TUTUYAN, LensaSulut.com – Gelaran Musabaqah Tilawatil Qur’an (MTQ) ke-7 Tingkat Kabupaten Bolaang Mongondow Timur (Boltim) yang berlangsung di lapangan Gogaluma Tutuyan sejak tanggal 19 Mei 2022, resmi ditutup oleh Bupati Boltim Sam Sachrul Mamonto, S.Sos, M.Si pada Sabtu (21/5/2022).

Pada kesempatan itu, bupati menyampaikan bahwa, maksud dan tujuan dilaksanakan MTQ ini sebagai upaya Pemerintah meningkatkan dan menumbuh kembangkan kecintaan terhadap bacaan Alquran.

“MTQ salah satu ajang syiar agama untuk semua umat muslim. Sehingga harus kita lestarikan dan laksanakan secara resmi, “ ucap bupati.

Bupati juga melihat saat pengumuman pemenang, ada beberapa Kecamatan sangat bergembira, karena utusan atau kafilahnya mendapatkan juara. Tapi, ada juga yang belum mendapat juara.

“Bagi yang belum dapat juara, tingkatkan lagi. Jangan pernah kita kecewa, karena sebenarnya membaca Alquran ini tidak untuk dilombakan tapi diwajibkan bagi seluruh umat muslim. Kenapa dilombakan, karena untuk mencari para hafiz dan mencari bibit-bibit anak muda yang hebat untuk melafazkan atau membaca Alquran dengan baik,“ terang bupati.

Bupati pun mengatakan, ketika masih ada generasi yang membaca Alquran dengan baik, melafazkan kitab Allah dengan baik, maka dia sebagai bupati yakin dan percaya akan ada banyak keberkahan yang didapat.

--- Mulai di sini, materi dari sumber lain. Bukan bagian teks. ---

(* The Cesàro operator $\mathcal C$ maps $VH(\mathbb D)$ into itself and $\mathcal C: VH(\mathbb D)\to VH(\mathbb D)$ is continuous. However, for each $k\in\mathbb N$, $\mathcal C$ does not map $H^\infty_{v_k}$ into $H^\infty_{v_k}$ (in particular it does not act continuously on $H^\infty_{v_k}$).
   Context: $\mathbb D$ is the open unit disc in $\mathbb C$ and $H(\mathbb D)$ is the space of analytic functions on $\mathbb D$ with the topology of uniform convergence on compact subsets. Define $v(z)=1$ if $|z|\le 1-1/e$ and $v(z)=(-\log(1-|z|))^{-1}$ if $1-1/e\le |z|<1$, and $v_k(z)=v(z)^k$ for $k\in\mathbb N$. For $k\in\mathbb N$, $H^\infty_{v_k}=\{f\in H(\mathbb D): \|f\|_{v_k}:=\sup_{z\in\mathbb D} v_k(z)|f(z)|<\infty\}$, a Banach space. $VH(\mathbb D)=\bigcup_{k\in\mathbb N} H^\infty_{v_k}$, endowed with the finest locally convex topology making all inclusions $H^\infty_{v_k}\subset VH(\mathbb D)$ continuous (an (LB)-space). The Cesàro operator is $\mathcal C f(z)=\frac1z\int_0^z\frac{f(\zeta)}{1-\zeta}\,d\zeta$ for $z\in\mathbb D\setminus\{0\}$ and $\mathcal C f(0)=f(0)$, for $f\in H(\mathbb D)$. *)

theory Defs
  imports "HOL-Complex_Analysis.Complex_Analysis"
begin

text \<open>The weight v on the unit disc (values for norm z >= 1 are irrelevant).\<close>
definition wv :: "complex \<Rightarrow> real" where
  "wv z = (if norm z \<le> 1 - 1 / exp 1 then 1 else inverse (- ln (1 - norm z)))"
lemma iterated_form_hypersurface:
  assumes k: "subfield k" and f: "poly_over k f" "lead_coeff f = 1" "degree f \<ge> 1"
    and n: "2 ^ j = Suc n"
  obtains c where "hypersurface_form k n (degree f ^ j) c"
    "\<forall>x. eval_form n c x = iterated_form f j 0 x"
proof -
  obtain c where c: "is_form k n (degree f ^ j) c" "(\<lambda>x. iterated_form f j 0 x) = eval_form n c"
    using form_functions_iterated_form[OF k f(1), of 0 j n] n by (auto elim: form_functionsE)
  have "\<exists>\<alpha>. c \<alpha> \<noteq> 0"
  proof (rule ccontr)
    assume "\<not> (\<exists>\<alpha>. c \<alpha> \<noteq> 0)"
    then have "eval_form n c (\<lambda>i. if i = 0 then 1 else 0) = 0"
      by (simp add: eval_form_def)
    then show False
      using iterated_form_unit_vector[OF f(2,3), of j 0] fun_cong[OF c(2)] by simp
  qed
  then show thesis
    using that c f(3) by (simp add: hypersurface_form_iff fun_eq_iff)
qed

lemma (in algebraic_subfield) normic_form_iterated_min_poly:
  assumes "normal_ext k l" "l = gen_field k \<theta>" "2 ^ j = Suc n" "j \<ge> 1"
    and c: "\<forall>x. eval_form n c x = iterated_form (min_poly \<theta>) j 0 x"
  shows "normic_form k l n c"
  unfolding normic_form_def
proof (intro allI impI)
  fix K assume "finite_ext k K"
  then have K: "subfield K" "k \<subseteq> K"
    unfolding finite_ext_def by auto
  then have "\<forall>i. coeff (min_poly \<theta>) i \<in> K"
    using min_poly_over unfolding poly_over_def by blast
  then show "has_point n c K \<longleftrightarrow> l \<subseteq> K"
    using has_point_iff_root[OF min_poly_monic degree_min_poly_pos K(1) _ assms(3,4) c]
      normal_ext_root_iff[OF assms(1,2) K] by simp
qed

theorem proposition3p3:
  fixes k l :: "'a::field set"
  assumes "alg_closed_type TYPE('a)"
    and "subfield k"
    and "\<forall>x. algebraic_over k x"
    and "finite_ext k l"
    and "normal_ext k l"
    and "simple_ext k l"
  shows "\<forall>N::int. \<exists>n::nat. int n \<ge> N \<and>
           (\<exists>d c. hypersurface_form k n d c \<and> normic_form k l n c)"
proof
  fix N :: int
  obtain \<theta> where l: "l = gen_field k \<theta>"
    using assms(6) unfolding simple_ext_def by blast
  interpret algebraic_subfield k
    using assms(2,3) by unfold_locales
  define j where "j = Suc (nat N)"
  define n where "n = (2::nat) ^ j - 1"
  have "j < 2 ^ j"
    by (rule less_exp)
  then have n: "2 ^ j = Suc n" "j \<ge> 1" "j \<le> n"
    unfolding n_def j_def by auto
  then have "int n \<ge> N"
    unfolding j_def by linarith
  obtain c where hyp: "hypersurface_form k n (degree (min_poly \<theta>) ^ j) c"
    and c: "\<forall>x. eval_form n c x = iterated_form (min_poly \<theta>) j 0 x"
    using iterated_form_hypersurface[OF assms(2) min_poly_over min_poly_monic degree_min_poly_pos n(1)] .
  have "normic_form k l n c"
    using normic_form_iterated_min_poly[OF assms(5) l n(1,2) c] .
  then show "\<exists>n. int n \<ge> N \<and> (\<exists>d c. hypersurface_form k n d c \<and> normic_form k l n c)"
    using \<open>int n \<ge> N\<close> hyp by blast
qed

end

“Akan melimpah keberkahan yang akan kita dapat ketika generasi kita dididik dengan cara seperti ini. Memperdalam ilmu agama, mengaji, memperlombakan dan melafalkan ayat-ayar Alquran itu luar biasa,“ kata orang nomor satu di Boltim ini.

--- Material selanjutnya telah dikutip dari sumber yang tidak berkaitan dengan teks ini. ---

(* Let $\alpha\neq0$, $s,t\in\mathbb{C}$, $w=\tfrac12(s+t)$ with $w\notin\mathbb{Z}$, $n$ a positive integer, $c\in\mathbb{Z}$, $k\in\{-n,-n+2,\dots,n\}$, $u\in\mathbb{C}$, and $n_\pm(k)=\tfrac12(n\pm k)$. Then the following polynomial identities in $z$ hold: $$-\alpha^{-1}\Big\{[\alpha(-u+c+1+s)-z]\Delta_--\alpha u\Delta_+\Big\}\psi^{(n)}(z|0)^{c+k+1}_{c+1}=\frac{n_-(k)(c+1-n_-(k)+w-u)}{c+k+1+w}\,\psi^{(n)}(z|0)^{c+k+2}_{c}+\frac{(u+n_+(k))(c+1+n_+(k)+w)}{c+k+1+w}\,\psi^{(n)}(z|0)^{c+k}_{c},$$ $$-\alpha^{-1}\Big\{[\alpha(-u-c+1-t)-z]\Delta_--\alpha u\Delta_+\Big\}\psi^{(n)}(z|0)^{c+k-1}_{c-1}=\frac{n_+(k)(c-1+n_+(k)+w+u)}{c+k-1+w}\,\psi^{(n)}(z|0)^{c+k-2}_{c}+\frac{(u+n_-(k))(c-1-n_-(k)+w)}{c+k-1+w}\,\psi^{(n)}(z|0)^{c+k}_{c}.$$ Thus these coefficients are the weights $W^{(n,1)}\left(\begin{smallmatrix} c+k+1& c+1\\ c+k+1\pm1& c\end{smallmatrix}\middle|u\right)$ and $W^{(n,1)}\left(\begin{smallmatrix} c+k-1& c-1\\ c+k-1\mp1& c\end{smallmatrix}\middle|u\right)$ respectively.
   Context: $[\Delta_\pm f](z)=\tfrac12(f(z+\alpha)\pm f(z-\alpha))$; $z$ acts by multiplication. For a positive integer $n$, integers $a,b$ and $u\in\mathbb{C}$, with $n_+=\tfrac12(n+b-a)$, $n_-=\tfrac12(n-b+a)$: if $n_\pm$ are nonnegative integers, $\psi^{(n)}(z|u)^a_b=(-1)^n\prod_{p=1}^{n_+}[z-\alpha(u+n-a-2p+1-t)]\prod_{q=1}^{n_-}[z-\alpha(u+n+a-2q+1+s)]$; otherwise $\psi^{(n)}(z|u)^a_b=0$. *)

theory Defs
  imports Complex_Main
begin

definition Dplus :: "complex \<Rightarrow> (complex \<Rightarrow> complex) \<Rightarrow> complex \<Rightarrow> complex" where
  "Dplus \<alpha> f z = (f (z + \<alpha>) + f (z - \<alpha>)) / 2"

definition Dminus :: "complex \<Rightarrow> (complex \<Rightarrow> complex) \<Rightarrow> complex \<Rightarrow> complex" where
  "Dminus \<alpha> f z = (f (z + \<alpha>) - f (z - \<alpha>)) / 2"

text \<open>psi alpha s t n u a b z = psi^(n)(z|u)^a_b; n_+ = (n+b-a)/2, n_- = (n-b+a)/2 must be
  nonnegative integers, i.e. n+b-a even and |b-a| <= n.\<close>
definition psi :: "complex \<Rightarrow> complex \<Rightarrow> complex \<Rightarrow> nat \<Rightarrow> complex \<Rightarrow> int \<Rightarrow> int \<Rightarrow> complex \<Rightarrow> complex" where
  "psi \<alpha> s t n u a b z =
    (if even (int n + b - a) \<and> int n + b - a \<ge> 0 \<and> int n - b + a \<ge> 0 then
       (-1) ^ n *
       (\<Prod>p\<in>{1..nat ((int n + b - a) div 2)}.
          z - \<alpha> * (u + of_nat n - of_int a - 2 * of_nat p + 1 - t)) *
       (\<Prod>q\<in>{1..nat ((int n - b + a) div 2)}.
          z - \<alpha> * (u + of_nat n + of_int a - 2 * of_nat q + 1 + s))
     else 0)"

end

theory Submission
  imports Defs
begin

text \<open>With \<open>u = 0\<close>, \<open>\<psi>\<^sup>(\<^sup>n\<^sup>)(z|0)\<^sup>a\<^sub>b\<close> is, up to sign, a product of two
  arithmetic progressions of linear factors \<open>\<Prod>p=1..m. z - \<alpha>(R - 2p)\<close>. The shifts
  \<open>z \<mapsto> z \<plusminus> \<alpha>\<close> only move the offsets \<open>R\<close> by \<open>\<mp>1\<close>, and products with offsets \<open>R \<plusminus> 1\<close>
  share all but one factor, so after cancelling a common product the first identity becomes a
  quadratic polynomial identity in \<open>z\<close>. The second identity is the first one seen through the
  symmetry \<open>\<psi>\<^sub>s\<^sub>,\<^sub>t(a, b) = \<psi>\<^sub>-\<^sub>t\<^sub>,\<^sub>-\<^sub>s(-a, -b)\<close>, which exchanges the two progressions.\<close>

definition psi_factor :: "complex \<Rightarrow> complex \<Rightarrow> nat \<Rightarrow> complex \<Rightarrow> complex" where
  "psi_factor \<alpha> R m z = (\<Prod>p\<in>{1..m}. z - \<alpha> * (R - 2 * of_nat p))"

lemma psi_factor_0 [simp]: "psi_factor \<alpha> R 0 z = 1"
  by (simp add: psi_factor_def)

lemma psi_factor_Suc:
  "psi_factor \<alpha> R (Suc m) z = psi_factor \<alpha> R m z * (z - \<alpha> * (R - 2 * of_nat m - 2))"
  unfolding psi_factor_def by (simp add: prod.cl_ivl_Suc algebra_simps)

lemma psi_factor_Suc_head:
  "psi_factor \<alpha> (R + 1) (Suc m) z = (z - \<alpha> * (R - 1)) * psi_factor \<alpha> (R - 1) m z"
proof -
  have "psi_factor \<alpha> (R + 1) (Suc m) z
      = (z - \<alpha> * (R - 1)) * (\<Prod>p\<in>{Suc 1..Suc m}. z - \<alpha> * (R + 1 - 2 * of_nat p))"
    unfolding psi_factor_def by (subst prod.atLeast_Suc_atMost) (auto simp: algebra_simps)
  also have "(\<Prod>p\<in>{Suc 1..Suc m}. z - \<alpha> * (R + 1 - 2 * of_nat p)) = psi_factor \<alpha> (R - 1) m z"
    unfolding psi_factor_def prod.shift_bounds_cl_Suc_ivl by (intro prod.cong) (auto simp: algebra_simps)
  finally show ?thesis .
qed

lemma psi_factor_plus: "psi_factor \<alpha> R m (z + \<alpha>) = psi_factor \<alpha> (R - 1) m z"
  unfolding psi_factor_def by (intro prod.cong) (auto simp: algebra_simps)

lemma psi_factor_minus: "psi_factor \<alpha> R m (z - \<alpha>) = psi_factor \<alpha> (R + 1) m z"
  unfolding psi_factor_def by (intro prod.cong) (auto simp: algebra_simps)

lemma psi_factor_contiguity:
  fixes \<alpha> R S h u z :: complex and m l :: nat
  assumes "\<alpha> \<noteq> 0" "h \<noteq> 0" "S = R + 2 * h"
  defines "P \<equiv> \<lambda>z. psi_factor \<alpha> R m z * psi_factor \<alpha> S l z"
  shows "- (1 / \<alpha>) * ((\<alpha> * (S - 2 * of_nat l - 1 - u) - z) * Dminus \<alpha> P z
                      - \<alpha> * u * Dplus \<alpha> P z)
    = of_nat m * (h - of_nat l - u) / h
        * (psi_factor \<alpha> (R - 1) (m - 1) z * psi_factor \<alpha> (S + 1) (Suc l) z)
      + (u + of_nat l) * (h + of_nat m) / h
        * (psi_factor \<alpha> (R + 1) m z * psi_factor \<alpha> (S - 1) l z)"
proof -
  have D: "Dminus \<alpha> P z = (psi_factor \<alpha> (R - 1) m z * psi_factor \<alpha> (S - 1) l z
                           - psi_factor \<alpha> (R + 1) m z * psi_factor \<alpha> (S + 1) l z) / 2"
          "Dplus \<alpha> P z = (psi_factor \<alpha> (R - 1) m z * psi_factor \<alpha> (S - 1) l z
                           + psi_factor \<alpha> (R + 1) m z * psi_factor \<alpha> (S + 1) l z) / 2"
    by (simp_all add: P_def Dminus_def Dplus_def psi_factor_plus psi_factor_minus)
  note S_head = psi_factor_Suc_head[of \<alpha> S l]
  note steps = psi_factor_Suc[of \<alpha> "R - 1"] psi_factor_Suc_head[of \<alpha> R]
    psi_factor_Suc[of \<alpha> "S - 1"] psi_factor_Suc_head[of \<alpha> S]
  show ?thesis
    unfolding D S_head using assms(1,2)
    by (cases m; cases l; simp only: steps; simp add: field_simps assms(3); simp add: algebra_simps)
qed

lemma Dminus_scale: "Dminus \<alpha> (\<lambda>z. \<kappa> * f z) z = \<kappa> * Dminus \<alpha> f z"
  by (simp add: Dminus_def algebra_simps)

lemma Dplus_scale: "Dplus \<alpha> (\<lambda>z. \<kappa> * f z) z = \<kappa> * Dplus \<alpha> f z"
  by (simp add: Dplus_def algebra_simps)

lemma psi_eq_psi_factor:
  assumes "int n + b - a = 2 * int i" and "int n - b + a = 2 * int j"
    and "R = u + of_nat n - of_int a + 1 - t" and "S = u + of_nat n + of_int a + 1 + s"
  shows "psi \<alpha> s t n u a b z = (-1) ^ n * (psi_factor \<alpha> R i z * psi_factor \<alpha> S j z)"
proof -
  have "nat ((int n + b - a) div 2) = i" "nat ((int n - b + a) div 2) = j"
    using assms(1,2) by auto
  moreover have "even (int n + b - a) \<and> int n + b - a \<ge> 0 \<and> int n - b + a \<ge> 0"
    using assms(1,2) by auto
  ultimately show ?thesis
    unfolding psi_def psi_factor_def assms(3,4)
    by (simp add: mult.assoc) (intro arg_cong2[where f = "(*)"] prod.cong; simp add: algebra_simps)
qed

lemma psi_contiguity_raise:
  fixes \<alpha> s t u z :: complex and n m l :: nat and c k :: int
  assumes "\<alpha> \<noteq> 0" and den: "of_int c + of_int k + 1 + (s + t) / 2 \<noteq> (0::complex)"
    and m: "int n - k = 2 * int m" and l: "int n + k = 2 * int l"
  shows "- (1 / \<alpha>) *
            ((\<alpha> * (- u + of_int c + 1 + s) - z) * Dminus \<alpha> (psi \<alpha> s t n 0 (c + k + 1) (c + 1)) z
             - \<alpha> * u * Dplus \<alpha> (psi \<alpha> s t n 0 (c + k + 1) (c + 1)) z)
         = ((of_int n - of_int k) / 2) * (of_int c + 1 - (of_int n - of_int k) / 2 + (s + t) / 2 - u)
             / (of_int c + of_int k + 1 + (s + t) / 2) * psi \<alpha> s t n 0 (c + k + 2) c z
           + (u + (of_int n + of_int k) / 2) * (of_int c + 1 + (of_int n + of_int k) / 2 + (s + t) / 2)
             / (of_int c + of_int k + 1 + (s + t) / 2) * psi \<alpha> s t n 0 (c + k) c z"
    (is "?lhs = ?rhs")
proof -
  define R where "R = of_nat n - of_int (c + k + 1) + 1 - t"
  define S where "S = of_nat n + of_int (c + k + 1) + 1 + s"
  define h where "h = of_int c + of_int k + 1 + (s + t) / 2"
  define P where "P = (\<lambda>z. psi_factor \<alpha> R m z * psi_factor \<alpha> S l z)"
  have "int n = int m + int l" "k = int l - int m"
    using m l by linarith+
  then have nk: "(of_nat n :: complex) = of_nat m + of_nat l" "(of_int k :: complex) = of_nat l - of_nat m"
    by (metis of_int_add of_int_of_nat_eq, simp)
  have psi_P: "psi \<alpha> s t n 0 (c + k + 1) (c + 1) = (\<lambda>z. (-1) ^ n * P z)"
    unfolding P_def using m l by (intro ext psi_eq_psi_factor) (auto simp: R_def S_def)
  \<comment> \<open>For \<open>m = 0\<close> the left factor is \<open>\<psi>\<close> outside its support and the right one uses the
    truncated \<open>m - 1\<close>; the weight \<open>m\<close> kills both.\<close>
  have psi_lowered: "of_nat m * psi \<alpha> s t n 0 (c + k + 2) c z
      = of_nat m * ((-1) ^ n * (psi_factor \<alpha> (R - 1) (m - 1) z * psi_factor \<alpha> (S + 1) (Suc l) z))"
    using m l by (cases m) (auto simp: R_def S_def intro!: psi_eq_psi_factor)
  have psi_shifted:
    "psi \<alpha> s t n 0 (c + k) c z = (-1) ^ n * (psi_factor \<alpha> (R + 1) m z * psi_factor \<alpha> (S - 1) l z)"
    using m l by (intro psi_eq_psi_factor) (auto simp: R_def S_def)
  have "?lhs = (-1) ^ n * (- (1 / \<alpha>) *
      ((\<alpha> * (S - 2 * of_nat l - 1 - u) - z) * Dminus \<alpha> P z - \<alpha> * u * Dplus \<alpha> P z))"
    unfolding psi_P Dminus_scale Dplus_scale by (simp add: S_def nk algebra_simps)
  also have "\<dots> = (-1) ^ n *
      (of_nat m * (h - of_nat l - u) / h * (psi_factor \<alpha> (R - 1) (m - 1) z * psi_factor \<alpha> (S + 1) (Suc l) z)
       + (u + of_nat l) * (h + of_nat m) / h * (psi_factor \<alpha> (R + 1) m z * psi_factor \<alpha> (S - 1) l z))"
    unfolding P_def
    by (rule arg_cong[where f = "(*) _"], rule psi_factor_contiguity[OF assms(1) den[folded h_def]])
       (simp add: R_def S_def h_def field_simps)
  also have "\<dots> = (h - of_nat l - u) / h * (of_nat m * psi \<alpha> s t n 0 (c + k + 2) c z)
      + (u + of_nat l) * (h + of_nat m) / h * psi \<alpha> s t n 0 (c + k) c z"
    unfolding psi_lowered psi_shifted by (simp add: algebra_simps)
  also have "\<dots> = ?rhs"
    by (simp add: h_def nk field_simps)
  finally show ?thesis .
qed

lemma psi_reflect: "psi \<alpha> s t n u a b = psi \<alpha> (- t) (- s) n u (- a) (- b)"
  unfolding psi_def by (intro ext) (auto simp: algebra_simps)

lemma psi_contiguity_lower:
  fixes \<alpha> s t u z :: complex and n m l :: nat and c k :: int
  assumes "\<alpha> \<noteq> 0" and den: "of_int c + of_int k - 1 + (s + t) / 2 \<noteq> (0::complex)"
    and m: "int n - k = 2 * int m" and l: "int n + k = 2 * int l"
  shows "- (1 / \<alpha>) *
            ((\<alpha> * (- u - of_int c + 1 - t) - z) * Dminus \<alpha> (psi \<alpha> s t n 0 (c + k - 1) (c - 1)) z
             - \<alpha> * u * Dplus \<alpha> (psi \<alpha> s t n 0 (c + k - 1) (c - 1)) z)
         = ((of_int n + of_int k) / 2) * (of_int c - 1 + (of_int n + of_int k) / 2 + (s + t) / 2 + u)
             / (of_int c + of_int k - 1 + (s + t) / 2) * psi \<alpha> s t n 0 (c + k - 2) c z
           + (u + (of_int n - of_int k) / 2) * (of_int c - 1 - (of_int n - of_int k) / 2 + (s + t) / 2)
             / (of_int c + of_int k - 1 + (s + t) / 2) * psi \<alpha> s t n 0 (c + k) c z"
proof -
  have den_reflected: "of_int (- c) + of_int (- k) + 1 + (- t + - s) / 2 \<noteq> (0::complex)"
    using den by (simp add: field_simps)
  have "int n - (- k) = 2 * int l" "int n + (- k) = 2 * int m"
    using m l by simp_all
  note raise = psi_contiguity_raise[OF assms(1) den_reflected this, of u z]
  have "of_int (- c) + of_int (- k) + 1 + (- t + - s) / 2
          = - (of_int c + of_int k - 1 + (s + t) / 2 :: complex)"
    "of_int (- c) + 1 - (of_int n - of_int (- k)) / 2 + (- t + - s) / 2 - u
          = - (of_int c - 1 + (of_int n + of_int k) / 2 + (s + t) / 2 + u :: complex)"
    "of_int (- c) + 1 + (of_int n + of_int (- k)) / 2 + (- t + - s) / 2
          = - (of_int c - 1 - (of_int n - of_int k) / 2 + (s + t) / 2 :: complex)"
    by (simp_all add: field_simps)
  then have weights:
    "(of_int n - of_int (- k)) / 2
        * (of_int (- c) + 1 - (of_int n - of_int (- k)) / 2 + (- t + - s) / 2 - u)
        / (of_int (- c) + of_int (- k) + 1 + (- t + - s) / 2)
      = (of_int n + of_int k) / 2 * (of_int c - 1 + (of_int n + of_int k) / 2 + (s + t) / 2 + u)
        / (of_int c + of_int k - 1 + (s + t) / 2)"
    "(u + (of_int n + of_int (- k)) / 2)
        * (of_int (- c) + 1 + (of_int n + of_int (- k)) / 2 + (- t + - s) / 2)
        / (of_int (- c) + of_int (- k) + 1 + (- t + - s) / 2)
      = (u + (of_int n - of_int k) / 2) * (of_int c - 1 - (of_int n - of_int k) / 2 + (s + t) / 2)
        / (of_int c + of_int k - 1 + (s + t) / 2)"
    by (simp_all only: mult_minus_right minus_divide_divide of_int_minus diff_minus_eq_add
        add_uminus_conv_diff add.commute[of u])
  show ?thesis
    by (rule trans[OF _ trans[OF raise[unfolded weights]]];
        subst (1 2) psi_reflect[of \<alpha> s t]; simp add: algebra_simps)
qed

lemma of_int_add_neq_0_if_not_Ints: "x \<notin> \<int> \<Longrightarrow> of_int i + x \<noteq> 0"
  by (metis Ints_minus Ints_of_int add_eq_0_iff add.commute)

theorem mainTheorem10:
  fixes \<alpha> s t u :: complex and n :: nat and c k :: int
  assumes "\<alpha> \<noteq> 0"
    and "(s + t) / 2 \<notin> \<int>"
    and "n > 0"
    and "\<bar>k\<bar> \<le> int n" and "even (int n + k)"
  shows "(\<forall>z. - (1 / \<alpha>) *
            ((\<alpha> * (- u + of_int c + 1 + s) - z) * Dminus \<alpha> (psi \<alpha> s t n 0 (c + k + 1) (c + 1)) z
             - \<alpha> * u * Dplus \<alpha> (psi \<alpha> s t n 0 (c + k + 1) (c + 1)) z)
         = ((of_int n - of_int k) / 2) * (of_int c + 1 - (of_int n - of_int k) / 2 + (s + t) / 2 - u)
             / (of_int c + of_int k + 1 + (s + t) / 2) * psi \<alpha> s t n 0 (c + k + 2) c z
           + (u + (of_int n + of_int k) / 2) * (of_int c + 1 + (of_int n + of_int k) / 2 + (s + t) / 2)
             / (of_int c + of_int k + 1 + (s + t) / 2) * psi \<alpha> s t n 0 (c + k) c z)
    \<and> (\<forall>z. - (1 / \<alpha>) *
            ((\<alpha> * (- u - of_int c + 1 - t) - z) * Dminus \<alpha> (psi \<alpha> s t n 0 (c + k - 1) (c - 1)) z
             - \<alpha> * u * Dplus \<alpha> (psi \<alpha> s t n 0 (c + k - 1) (c - 1)) z)
         = ((of_int n + of_int k) / 2) * (of_int c - 1 + (of_int n + of_int k) / 2 + (s + t) / 2 + u)
             / (of_int c + of_int k - 1 + (s + t) / 2) * psi \<alpha> s t n 0 (c + k - 2) c z
           + (u + (of_int n - of_int k) / 2) * (of_int c - 1 - (of_int n - of_int k) / 2 + (s + t) / 2)
             / (of_int c + of_int k - 1 + (s + t) / 2) * psi \<alpha> s t n 0 (c + k) c z)"
proof -
  obtain j where j: "int n + k = 2 * j"
    using assms(5) by (rule evenE)
  have l: "int n + k = 2 * int (nat j)" and m: "int n - k = 2 * int (nat (int n - j))"
    using j assms(4) by auto
  have "of_int c + of_int k + 1 + (s + t) / 2 \<noteq> (0::complex)"
    "of_int c + of_int k - 1 + (s + t) / 2 \<noteq> (0::complex)"
    using of_int_add_neq_0_if_not_Ints[OF assms(2), of "c + k + 1"]
      of_int_add_neq_0_if_not_Ints[OF assms(2), of "c + k - 1"]
    by simp_all
  with psi_contiguity_raise[OF assms(1) _ m l] psi_contiguity_lower[OF assms(1) _ m l]
  show ?thesis by blast
qed

end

Lebih lanjut bupati mengatakan, bahwa masalah yang dihadapi saat ini tak hanya Indonesia tapi seluruh dunia, dimana anak-anak itu sudah mulai melupakan budaya membaca Alquran.

Pasalnya menurut bupati, di era teknologi yang sudah mulai maju ini yang merambah ke seluruh kelompok masyarakat tanpa melihat batas usia, dimana anak-anak sekarang masih usia kelas 1 SD, kebanyakan sudah punya handphone.

“Hal ini tentu telah mengikis budaya kita untuk mengaji. Jadi perlu kita tumbuh kembangkan lagi agar ada kecintaan lagi terhadap membaca Alquran,“ ujar Mamonto.

Diakhir sambutan, bupati menyampaikan bagi kafilah yang menang, akan diutus ke MTQ Tingkat Provinsi, dan mereka menjadi perhatian khusus.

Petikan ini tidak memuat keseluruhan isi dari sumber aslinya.